Crawling
Before a page can be indexed (and therefore appear within search results), it must first be crawled by search engine crawlers like Googlebot. There are many things to consider in order to get pages crawled and ensure they are adhering to the correct guidelines. These are covered within our SEO Office Hours notes, as well as further research and recommendations.
For more SEO knowledge on crawling and to optimize your site’s crawlability, check out Lumar’s additional resources:
Crawling Might be Blocked by IP Blacklisting, Network Configuration or Bot Protection
Google doesn’t block the crawling of a specific domain, but you could be on an IP which has been blacklisted or a network issue. Check if other sites hosted on the same server are having similar problems. Sometimes a bot protection on a server can cause issues.
Google Sometimes Makes Requsts with If-modified-since headers
Googlebot sometimes makes requests using an if-modificed-since request, in which case a 304 response is fine.

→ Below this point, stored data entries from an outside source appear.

(* Let $n\ge 3$ and let $A=(a_{jk})$ be a real $n\times n$ matrix such that: (i) $A$ is symmetric; (ii) all off-diagonal entries of $A$ are non-positive; (iii) $A$ is irreducible, i.e. the simple graph on vertex set $\{1,\dots,n\}$ in which $j\neq k$ are adjacent if and only if $a_{jk}\neq 0$ is connected; (iv) $A\mathbf{1}=\mathbf{0}$, where $\mathbf{1}$ is the all-ones vector. Let $\mathbf{f}=(f_1,\dots,f_n)\in\mathbb{R}^n$ be arbitrary. For each $i\in\{1,\dots,n\}$ let $\mathbf{f}_i:=(f_1,\dots,f_{i-1},\,f_i-\mathbf{f}\cdot\mathbf{1},\,f_{i+1},\dots,f_n)$, and let $\mathbf{x}_i=(x_{i1},\dots,x_{in})$ be the unique solution of the linear system $A\mathbf{x}=\mathbf{f}_i$ satisfying $x_{ii}=0$. Then $$x_{12}+x_{23}+x_{31}=x_{21}+x_{32}+x_{13}.$$
   Context: Under hypotheses (i)–(iv), $A$ is positive semidefinite of rank $n-1$ with kernel spanned by $\mathbf{1}$; since $\mathbf{f}_i\cdot\mathbf{1}=0$, the system $A\mathbf{x}=\mathbf{f}_i$ has a solution unique up to adding a multiple of $\mathbf{1}$, so the normalization $x_{ii}=0$ determines $\mathbf{x}_i$ uniquely. *)

theory Defs
  imports Complex_Main
begin

text \<open>Real n x n matrices are represented as functions nat => nat => real,
  with indices ranging over {1..n}; vectors as nat => real.\<close>

definition matrix_graph_adj :: "nat \<Rightarrow> (nat \<Rightarrow> nat \<Rightarrow> real) \<Rightarrow> nat \<Rightarrow> nat \<Rightarrow> bool" where
  "matrix_graph_adj n A j k \<longleftrightarrow> j \<in> {1..n} \<and> k \<in> {1..n} \<and> j \<noteq> k \<and> A j k \<noteq> 0"

definition irreducible_mat :: "nat \<Rightarrow> (nat \<Rightarrow> nat \<Rightarrow> real) \<Rightarrow> bool" where
  "irreducible_mat n A \<longleftrightarrow> (\<forall>j\<in>{1..n}. \<forall>k\<in>{1..n}. (matrix_graph_adj n A)\<^sup>*\<^sup>* j k)"

definition mat_vec :: "nat \<Rightarrow> (nat \<Rightarrow> nat \<Rightarrow> real) \<Rightarrow> (nat \<Rightarrow> real) \<Rightarrow> (nat \<Rightarrow> real)" where
  "mat_vec n A x = (\<lambda>j. \<Sum>k=1..n. A j k * x k)"

definition modified_rhs :: "nat \<Rightarrow> (nat \<Rightarrow> real) \<Rightarrow> nat \<Rightarrow> (nat \<Rightarrow> real)" where
  "modified_rhs n f i = (\<lambda>j. if j = i then f j - (\<Sum>k=1..n. f k) else f j)"

end

theory Submission
  imports Defs
begin

text \<open>Write \<open>S = f \<cdot> 1\<close>. Since \<open>A\<close> is symmetric, \<open>x\<^sub>i \<cdot> A x\<^sub>j = x\<^sub>j \<cdot> A x\<^sub>i\<close>, and expanding
  both sides with \<open>A x\<^sub>j = f\<^sub>j\<close> gives the reciprocity relation
  \<open>S (x\<^sub>i\<^sub>j - x\<^sub>j\<^sub>i) = x\<^sub>i \<cdot> f - x\<^sub>j \<cdot> f\<close>. Its right-hand side cancels in the cyclic sum over
  \<open>(1,2), (2,3), (3,1)\<close>, which settles the case \<open>S \<noteq> 0\<close>. If \<open>S = 0\<close>, all systems have the
  same right-hand side \<open>f\<close>, so \<open>x\<^sub>i - x\<^sub>1\<close> lies in the kernel of \<open>A\<close>. The quadratic form of
  \<open>A\<close> is \<open>-\<Sum>\<^sub>j\<^sub>k a\<^sub>j\<^sub>k (v\<^sub>j - v\<^sub>k)\<^sup>2 / 2\<close>, a sum of non-negative terms, so a kernel vector is
  constant along the edges of the connected graph of \<open>A\<close>; hence \<open>x\<^sub>i\<^sub>j = x\<^sub>1\<^sub>j - x\<^sub>1\<^sub>i\<close>, and
  the identity telescopes.\<close>

lemma mat_vec_diff:
  "mat_vec n A (\<lambda>k. u k - w k) j = mat_vec n A u j - mat_vec n A w j"
  by (simp add: mat_vec_def algebra_simps sum_subtractf)

lemma inner_mat_vec_commute:
  assumes sym: "\<forall>j\<in>{1..n}. \<forall>k\<in>{1..n}. A j k = A k j"
  shows "(\<Sum>j=1..n. u j * mat_vec n A w j) = (\<Sum>j=1..n. w j * mat_vec n A u j)"
proof -
  have "(\<Sum>j=1..n. u j * mat_vec n A w j) = (\<Sum>j=1..n. \<Sum>k=1..n. u j * A j k * w k)"
    by (simp add: mat_vec_def sum_distrib_left mult.assoc)
  also have "\<dots> = (\<Sum>k=1..n. \<Sum>j=1..n. w k * A k j * u j)"
    by (subst sum.swap) (intro sum.cong refl, simp add: sym)
  also have "\<dots> = (\<Sum>j=1..n. w j * mat_vec n A u j)"
    by (simp add: mat_vec_def sum_distrib_left mult.assoc)
  finally show ?thesis .
qed

lemma laplacian_quadratic_form:
  assumes sym: "\<forall>j\<in>{1..n}. \<forall>k\<in>{1..n}. A j k = A k j"
    and rowsum: "\<forall>j\<in>{1..n}. (\<Sum>k=1..n. A j k) = 0"
  shows "(\<Sum>j=1..n. \<Sum>k=1..n. - A j k * (v j - v k)\<^sup>2) = 2 * (\<Sum>j=1..n. v j * mat_vec n A v j)"
proof -
  have rows: "(\<Sum>j=1..n. \<Sum>k=1..n. A j k * (v j)\<^sup>2) = 0"
    using rowsum by (simp add: sum_distrib_right[symmetric])
  have cols: "(\<Sum>j=1..n. \<Sum>k=1..n. A j k * (v k)\<^sup>2) = 0"
  proof -
    have "(\<Sum>j=1..n. \<Sum>k=1..n. A j k * (v k)\<^sup>2) = (\<Sum>k=1..n. \<Sum>j=1..n. A k j * (v k)\<^sup>2)"
      by (subst sum.swap) (intro sum.cong refl, simp add: sym)
    also have "\<dots> = 0"
      using rowsum by (simp add: sum_distrib_right[symmetric])
    finally show ?thesis .
  qed
  have "(\<Sum>j=1..n. \<Sum>k=1..n. - A j k * (v j - v k)\<^sup>2) =
      2 * (\<Sum>j=1..n. \<Sum>k=1..n. A j k * v j * v k)
      - (\<Sum>j=1..n. \<Sum>k=1..n. A j k * (v j)\<^sup>2) - (\<Sum>j=1..n. \<Sum>k=1..n. A j k * (v k)\<^sup>2)"
    by (simp add: power2_eq_square algebra_simps sum.distrib sum_subtractf sum_distrib_left)
  also have "\<dots> = 2 * (\<Sum>j=1..n. \<Sum>k=1..n. A j k * v j * v k)"
    using rows cols by simp
  also have "\<dots> = 2 * (\<Sum>j=1..n. v j * mat_vec n A v j)"
    by (simp add: mat_vec_def sum_distrib_left algebra_simps)
  finally show ?thesis .
qed

lemma kernel_vector_constant:
  assumes sym: "\<forall>j\<in>{1..n}. \<forall>k\<in>{1..n}. A j k = A k j"
    and offdiag: "\<forall>j\<in>{1..n}. \<forall>k\<in>{1..n}. j \<noteq> k \<longrightarrow> A j k \<le> 0"
    and irred: "irreducible_mat n A"
    and rowsum: "\<forall>j\<in>{1..n}. (\<Sum>k=1..n. A j k) = 0"
    and kernel: "\<forall>j\<in>{1..n}. mat_vec n A v j = 0"
    and jk: "j \<in> {1..n}" "k \<in> {1..n}"
  shows "v j = v k"
proof -
  define q where "q a b = - A a b * (v a - v b)\<^sup>2" for a b
  have nonneg: "q a b \<ge> 0" if "a \<in> {1..n}" "b \<in> {1..n}" for a b
    using offdiag that unfolding q_def by (cases "a = b") (simp_all add: mult_nonpos_nonneg)
  have "(\<Sum>a=1..n. \<Sum>b=1..n. q a b) = 0"
    using laplacian_quadratic_form[OF sym rowsum, of v] kernel by (simp add: q_def)
  moreover have "(\<Sum>b=1..n. q a b) \<ge> 0" if "a \<in> {1..n}" for a
    by (rule sum_nonneg) (rule nonneg[OF that])
  ultimately have "(\<Sum>b=1..n. q a b) = 0" if "a \<in> {1..n}" for a
    using sum_nonneg_eq_0_iff[of "{1..n}" "\<lambda>a. \<Sum>b=1..n. q a b"] that by blast
  then have "q a b = 0" if "a \<in> {1..n}" "b \<in> {1..n}" for a b
    using sum_nonneg_eq_0_iff[of "{1..n}" "q a"] nonneg that by blast
  then have edge: "v a = v b" if "matrix_graph_adj n A a b" for a b
    using that unfolding matrix_graph_adj_def q_def by fastforce
  have "(matrix_graph_adj n A)\<^sup>*\<^sup>* j k"
    using irred jk unfolding irreducible_mat_def by blast
  then show ?thesis
    by (induction rule: rtranclp_induct) (auto dest: edge)
qed

lemma solutions_differ_by_constant:
  assumes sym: "\<forall>j\<in>{1..n}. \<forall>k\<in>{1..n}. A j k = A k j"
    and offdiag: "\<forall>j\<in>{1..n}. \<forall>k\<in>{1..n}. j \<noteq> k \<longrightarrow> A j k \<le> 0"
    and irred: "irreducible_mat n A"
    and rowsum: "\<forall>j\<in>{1..n}. (\<Sum>k=1..n. A j k) = 0"
    and same: "\<forall>j\<in>{1..n}. mat_vec n A u j = mat_vec n A w j"
    and jk: "j \<in> {1..n}" "k \<in> {1..n}"
  shows "u j - w j = u k - w k"
  using kernel_vector_constant[OF sym offdiag irred rowsum _ jk, of "\<lambda>k. u k - w k"] same
  by (simp add: mat_vec_diff)

lemma inner_modified_rhs:
  assumes "i \<in> {1..n}"
  shows "(\<Sum>j=1..n. u j * modified_rhs n f i j) = (\<Sum>j=1..n. u j * f j) - u i * (\<Sum>k=1..n. f k)"
proof -
  have "(\<Sum>j=1..n. u j * modified_rhs n f i j)
      = (\<Sum>j=1..n. u j * f j - (if j = i then u j * (\<Sum>k=1..n. f k) else 0))"
    by (intro sum.cong refl) (simp add: modified_rhs_def algebra_simps)
  then show ?thesis
    using assms by (simp add: sum_subtractf)
qed

lemma modified_rhs_sum_zero:
  "(\<Sum>k=1..n. f k) = 0 \<Longrightarrow> modified_rhs n f i = f"
  by (simp add: modified_rhs_def fun_eq_iff)

lemma solution_reciprocity:
  assumes sym: "\<forall>j\<in>{1..n}. \<forall>k\<in>{1..n}. A j k = A k j"
    and ij: "i \<in> {1..n}" "j \<in> {1..n}"
    and sol_u: "\<forall>k\<in>{1..n}. mat_vec n A u k = modified_rhs n f i k"
    and sol_w: "\<forall>k\<in>{1..n}. mat_vec n A w k = modified_rhs n f j k"
  shows "(\<Sum>k=1..n. f k) * (u j - w i) = (\<Sum>k=1..n. u k * f k) - (\<Sum>k=1..n. w k * f k)"
proof -
  have "(\<Sum>k=1..n. u k * modified_rhs n f j k) = (\<Sum>k=1..n. w k * modified_rhs n f i k)"
    using inner_mat_vec_commute[OF sym, of u w] sol_u sol_w by simp
  then show ?thesis
    using inner_modified_rhs[OF ij(1), of w f] inner_modified_rhs[OF ij(2), of u f]
    by (simp add: algebra_simps)
qed

theorem mainTheorem1:
  fixes n :: nat and A :: "nat \<Rightarrow> nat \<Rightarrow> real" and f :: "nat \<Rightarrow> real"
    and x :: "nat \<Rightarrow> nat \<Rightarrow> real"
  assumes n3: "n \<ge> 3"
    and sym: "\<forall>j\<in>{1..n}. \<forall>k\<in>{1..n}. A j k = A k j"
    and offdiag: "\<forall>j\<in>{1..n}. \<forall>k\<in>{1..n}. j \<noteq> k \<longrightarrow> A j k \<le> 0"
    and irred: "irreducible_mat n A"
    and rowsum: "\<forall>j\<in>{1..n}. (\<Sum>k=1..n. A j k) = 0"
    and sol: "\<forall>i\<in>{1..n}. \<forall>j\<in>{1..n}. mat_vec n A (x i) j = modified_rhs n f i j"
    and norm: "\<forall>i\<in>{1..n}. x i i = 0"
  shows "x 1 2 + x 2 3 + x 3 1 = x 2 1 + x 3 2 + x 1 3"
proof (cases "(\<Sum>k=1..n. f k) = 0")
  case False
  have recip: "(\<Sum>k=1..n. f k) * (x i j - x j i) = (\<Sum>k=1..n. x i k * f k) - (\<Sum>k=1..n. x j k * f k)"
    if "i \<in> {1..n}" "j \<in> {1..n}" for i j
    using solution_reciprocity[OF sym that] sol that by blast
  have "(\<Sum>k=1..n. f k) * ((x 1 2 + x 2 3 + x 3 1) - (x 2 1 + x 3 2 + x 1 3)) = 0"
    using recip[of 1 2] recip[of 2 3] recip[of 3 1] n3 by (simp add: algebra_simps)
  then show ?thesis
    using False by simp
next
  case True
  have shift: "x i j = x 1 j - x 1 i" if "i \<in> {1..n}" "j \<in> {1..n}" for i j
  proof -
    have "\<forall>k\<in>{1..n}. mat_vec n A (x i) k = mat_vec n A (x 1) k"
      using sol that n3 by (simp add: modified_rhs_sum_zero[OF True])
    then have "x i j - x 1 j = x i i - x 1 i"
      by (rule solutions_differ_by_constant[OF sym offdiag irred rowsum _ that(2,1)])
    then show ?thesis
      using norm that by simp
  qed
  show ?thesis
    using shift[of 2 3] shift[of 3 1] shift[of 3 2] shift[of 2 1] n3 norm by simp
qed

end
(* If $n$ is a product of exactly $2$ or exactly $3$ primes, not necessarily distinct (i.e., $n=pq$ or $n=pqr$ with $p,q,r$ prime), then the $n\times n$ square has no perfect Mondrian partition.
   Context: A Mondrian partition of an $n\times n$ square ($n$ a positive integer) is a dissection of the square into $k\ge 2$ non-overlapping rectangles with positive integer side lengths which are pairwise non-congruent (rectangles of dimensions $a\times b$ and $b\times a$ count as congruent). It is perfect if all its rectangles have the same area. *)

theory Defs
  imports "HOL-Computational_Algebra.Primes"
begin

text \<open>An axis-parallel rectangle with integer corners and positive integer side lengths,
  placed in the square [0,n] x [0,n], is encoded as (x, y, w, h): lower-left corner (x,y),
  width w, height h.\<close>

type_synonym rect = "nat \<times> nat \<times> nat \<times> nat"

definition rwidth :: "rect \<Rightarrow> nat" where "rwidth r = fst (snd (snd r))"
definition rheight :: "rect \<Rightarrow> nat" where "rheight r = snd (snd (snd r))"

definition cells :: "rect \<Rightarrow> (nat \<times> nat) set" where
  "cells r = (case r of (x, y, w, h) \<Rightarrow> {x..<x+w} \<times> {y..<y+h})"

definition area :: "rect \<Rightarrow> nat" where "area r = rwidth r * rheight r"
text \<open>Multiplying the field term by conj p turns the projections tproj p into subtractions of
  multiples of qone; what is left differs from the sum of the F i by multiples of qone and q
  and by 2 K.\<close>
lemma qperp_qconj_H: "qperp q (qmul (qconj p) H) = qperp q (\<Sum>i<3. F i)"
proof -
  note qperp_lin = linear_sum[OF linear_qperp] linear_diff[OF linear_qperp]
    linear_add[OF linear_qperp] linear_scale[OF linear_qperp] linear_neg[OF linear_qperp]
  define N where "N = (\<Sum>i<3. (norm (tproj p (L (e i))))\<^sup>2)"
  define c where "c i = G i \<bullet> p + L (e i) \<bullet> e i
      + (G i - (G i \<bullet> p + L (e i) \<bullet> e i) *\<^sub>R p - (L (e i) \<bullet> p) *\<^sub>R e i) \<bullet> p" for i
  have "qmul (qconj p) H = (\<Sum>i<3. qmul (qconj p) (G i) - c i *\<^sub>R qone
      - (L (e i) \<bullet> p) *\<^sub>R qmul (qconj p) (e i)) + N *\<^sub>R q"
    unfolding H_def N_def c_def q_def tproj_def
    by (simp add: qmul_linear_simps qmul.sum_right qmul_qconj_self p_unit algebra_simps)
  moreover have "(\<Sum>i<3. (L (e i) \<bullet> p) *\<^sub>R qmul (qconj p) (e i))
      = - qmul (qconj p) (\<Sum>i<3. (z \<bullet> e i) *\<^sub>R e i)"
    using L_e_p by (simp add: qmul.sum_right qmul_linear_simps sum_negf)
  then have "(\<Sum>i<3. (L (e i) \<bullet> p) *\<^sub>R qmul (qconj p) (e i)) = - q"
    using z_expansion unfolding q_def by simp
  ultimately have "qperp q (qmul (qconj p) H) = (\<Sum>i<3. qperp q (qmul (qconj p) (G i))) + qperp q q"
    by (simp add: qperp_lin sum_subtractf qperp_qone[OF q_re] qperp_self[OF q_re q_unit])
  moreover have "qperp q (F i) = qperp q (qmul (qconj p) (G i)) + 2 *\<^sub>R qperp q (qmul (qconj (e i)) (L (e i)))"
    for i
    unfolding F_def by (simp add: qperp_lin qperp_self[OF q_re q_unit])
  then have "qperp q (\<Sum>i<3. F i) = (\<Sum>i<3. qperp q (qmul (qconj p) (G i))) + 2 *\<^sub>R qperp q K"
    unfolding K_def by (simp add: qperp_lin sum.distrib scaleR_sum_right)
  ultimately show ?thesis
    using qperp_K qperp_self[OF q_re q_unit] by simp
qed

lemma tension_eq_qmul_qconj_H: "(\<Sum>i<3. tproj q (F i)) = qmul (qconj p) H"
proof -
  have "(\<Sum>i<3. tproj q (F i)) = qperp q (\<Sum>i<3. F i)"
    using tproj_eq_qperp[OF re_sum_F] by (simp add: linear_sum[OF linear_tproj])
  also have "\<dots> = qperp q (qmul (qconj p) H)"
    by (rule qperp_qconj_H[symmetric])
  also have "\<dots> = qmul (qconj p) H"
  proof (rule qperp_eq_self)
    show "(qmul (qconj p) H)$1 = 0"
      using H_orthogonal_p by (simp add: re_qmul_qconj[unfolded inner_quat] inner_quat algebra_simps)
    show "qmul (qconj p) H \<bullet> q = 0"
      using H_orthogonal_z by (simp add: inner_qmul_qconj qmul_p_q)
  qed
  finally show ?thesis .
qed

theorem tension_eq_0_iff: "(\<Sum>i<3. tproj q (F i)) = 0 \<longleftrightarrow> H = 0"
  unfolding tension_eq_qmul_qconj_H
  by (metis qmul.zero_right qmul_qmul_qconj p_unit scaleR_one)

end


section \<open>Harmonicity of the map and of the field\<close>

context smooth_unit_field
begin

lemma tension_eq_0_iff_harmonic_field_at:
  assumes great_circles: "\<forall>t. (gc p (\<zeta> p) has_vector_derivative \<zeta> (gc p (\<zeta> p) t)) (at t)"
    and p_in_V: "p \<in> V" and onb: "tangent_onb p e"
  shows "(\<Sum>i<3. map_hess (\<lambda>p. qmul (qconj p) (\<zeta> p)) p (e i)) = 0 \<longleftrightarrow>
    (\<Sum>i<3. cov2 \<zeta> p (e i)) + (\<Sum>i<3. (norm (cov \<zeta> p (e i)))\<^sup>2) *\<^sub>R \<zeta> p = 0"
proof -
  have frame: "great_circle_in_field V U W \<zeta> Z p (e i)" if "i < 3" for i
    by unfold_locales (use p_in_V onb that in \<open>auto simp: tangent_onb_def dot_square_norm\<close>)
  note along = great_circle_in_field.tangency_constraints[OF frame]
    great_circle_in_field.unit_length_constraints[OF frame]
    great_circle_in_field.map_hess_eq[OF frame]
    great_circle_in_field.cov2_eq[OF frame] great_circle_in_field.cov_eq[OF frame]
  interpret J: framed_unit_field_jet p "\<zeta> p" "DZ p" e "\<lambda>i. gc_accel \<zeta> p (e i)"
    using p_in_V V_subset_U onb along linear_DZ DZ_tangent DZ_field[OF p_in_V great_circles]
      unit_sphere_V unit_tangent_inner
    by (intro framed_unit_field_jet.intro unit_field_jet.intro framed_unit_field_jet_axioms.intro) auto
  have "(\<Sum>i<3. map_hess (\<lambda>p. qmul (qconj p) (\<zeta> p)) p (e i)) = (\<Sum>i<3. tproj J.q (J.F i))"
    by (rule sum.cong) (simp_all add: along J.F_def J.q_def)
  moreover have "(\<Sum>i<3. cov2 \<zeta> p (e i)) + (\<Sum>i<3. (norm (cov \<zeta> p (e i)))\<^sup>2) *\<^sub>R \<zeta> p = J.H"
    unfolding J.H_def using along by simp
  ultimately show ?thesis
    using J.tension_eq_0_iff by simp
qed

end

theorem theoremB:
  fixes V :: "quat set" and \<zeta> :: "quat \<Rightarrow> quat"
  assumes V_open: "openin (top_of_set S3) V"
    and unit_tangent: "\<forall>p\<in>V. norm (\<zeta> p) = 1 \<and> \<zeta> p \<bullet> p = 0"
    and smooth: "smooth_on_S3 V \<zeta>"
    and sat: "saturated V \<zeta>"
    and great_circles: "\<forall>p\<in>V. \<forall>t. (gc p (\<zeta> p) has_vector_derivative \<zeta> (gc p (\<zeta> p) t)) (at t)"
  shows "(\<forall>p\<in>V. qmul (qconj p) (\<zeta> p) \<in> S2)
    \<and> (\<forall>p\<in>V. \<forall>t. qmul (qconj (gc p (\<zeta> p) t)) (\<zeta> (gc p (\<zeta> p) t)) = qmul (qconj p) (\<zeta> p))
    \<and> (harmonic_map_on V (\<lambda>p. qmul (qconj p) (\<zeta> p)) \<longleftrightarrow> harmonic_unit_field_on V \<zeta>)"
proof -
  obtain W where W: "open W" "V = S3 \<inter> W"
    using V_open by (auto simp: openin_open)
  obtain U Z where U: "open U" "V \<subseteq> U" "Cinf_on U Z" "\<forall>p\<in>V. Z p = \<zeta> p"
    using smooth unfolding smooth_on_S3_def by blast
  interpret smooth_unit_field V U W \<zeta> Z
    by unfold_locales (use U W unit_tangent in \<open>auto simp: Cinf_on_def\<close>)
  have "\<forall>p\<in>V. qmul (qconj p) (\<zeta> p) \<in> S2"
    using W unit_tangent qmul_qconj_in_S2 by (auto simp: S3_def)
  moreover have "\<forall>p\<in>V. \<forall>t. qmul (qconj (gc p (\<zeta> p) t)) (\<zeta> (gc p (\<zeta> p) t)) = qmul (qconj p) (\<zeta> p)"
    using field_along_great_circle great_circles qmul_qconj_gc_velocity unit_sphere_V unit_tangent_inner
    by metis
  moreover have "harmonic_map_on V (\<lambda>p. qmul (qconj p) (\<zeta> p)) \<longleftrightarrow> harmonic_unit_field_on V \<zeta>"
    unfolding harmonic_map_on_def harmonic_unit_field_on_def
    using tension_eq_0_iff_harmonic_field_at great_circles by blast
  ultimately show ?thesis by blast
qed

end
definition rational_on :: "nat \<Rightarrow> (nat \<Rightarrow> complex) set \<Rightarrow> ((nat \<Rightarrow> complex) \<Rightarrow> complex) \<Rightarrow> bool" where
  "rational_on n U g \<longleftrightarrow>
     (\<exists>a b. a \<in> polyfun n \<and> b \<in> polyfun n \<and> (\<forall>q\<in>U. b q \<noteq> 0 \<and> g q = a q / b q))"

lemma rational_on_polyfun: "g \<in> polyfun n \<Longrightarrow> rational_on n U g"
  unfolding rational_on_def by (rule exI[of _ g], rule exI[of _ "\<lambda>p. 1"]) (auto intro: polyfun.intros)

lemma rational_on_const: "rational_on n U (\<lambda>p. c)"
  by (rule rational_on_polyfun) (rule pf_const)

lemma rational_on_var: "i < n \<Longrightarrow> rational_on n U (\<lambda>p. p i)"
  by (rule rational_on_polyfun) (rule pf_var)

lemma rational_on_add:
  assumes "rational_on n U g" and "rational_on n U h"
  shows "rational_on n U (\<lambda>p. g p + h p)"
proof -
  obtain a b c d where "a \<in> polyfun n" "b \<in> polyfun n" "\<forall>q\<in>U. b q \<noteq> 0 \<and> g q = a q / b q"
      "c \<in> polyfun n" "d \<in> polyfun n" "\<forall>q\<in>U. d q \<noteq> 0 \<and> h q = c q / d q"
    using assms unfolding rational_on_def by metis
  then show ?thesis unfolding rational_on_def
    by (intro exI[of _ "\<lambda>p. a p * d p + c p * b p"] exI[of _ "\<lambda>p. b p * d p"])
       (auto intro!: polyfun.intros simp: field_simps)
qed

lemma rational_on_mult:
  assumes "rational_on n U g" and "rational_on n U h"
  shows "rational_on n U (\<lambda>p. g p * h p)"
proof -
  obtain a b c d where "a \<in> polyfun n" "b \<in> polyfun n" "\<forall>q\<in>U. b q \<noteq> 0 \<and> g q = a q / b q"
      "c \<in> polyfun n" "d \<in> polyfun n" "\<forall>q\<in>U. d q \<noteq> 0 \<and> h q = c q / d q"
    using assms unfolding rational_on_def by metis
  then show ?thesis unfolding rational_on_def
    by (intro exI[of _ "\<lambda>p. a p * c p"] exI[of _ "\<lambda>p. b p * d p"])
       (auto intro!: polyfun.intros)
qed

Hamburger’ Menus Don’t Affect Crawling
From a crawling perspective, ‘Hambuger’ style menus are OK
Googlebot Doesn’t See Content Changes Based on Session Information
Googlebot loads every page without any session information, so if you show content such as titles based on session information like an HTML 5 history, it won’t be seen.
Mobile Interstitial Penalty is Calculated on Recrawl
The mobile interstitial penalty is calculated in real time as pages are crawled.
Whitelisting Googlebot for First-click-free Isn’t Cloaking
With First Click-Free, you can whitelist the Googlebot user agent to see all articles, and it won’t be considered cloaking
Google Doesn’t Crawl with a Referrer or Cookies
Googlebot doesn’t include a referrer URL when crawling, and doesn’t use cookies.
Use Nofollow on Links to Noindex Pages to Reduce Crawling
You can add a nofollow on links to noindex pages to reduce the liklehood of them being crawled.
404 Content Isn’t Seen by Google
Google doesn’t look at the content of a 404 page
Don’t Prevent Embedded File caching
If you prevent JS, CSS and image caching, such as a nocache header tag, Google will need to keep requesting the files for rendering, which may slow down crawling of the site.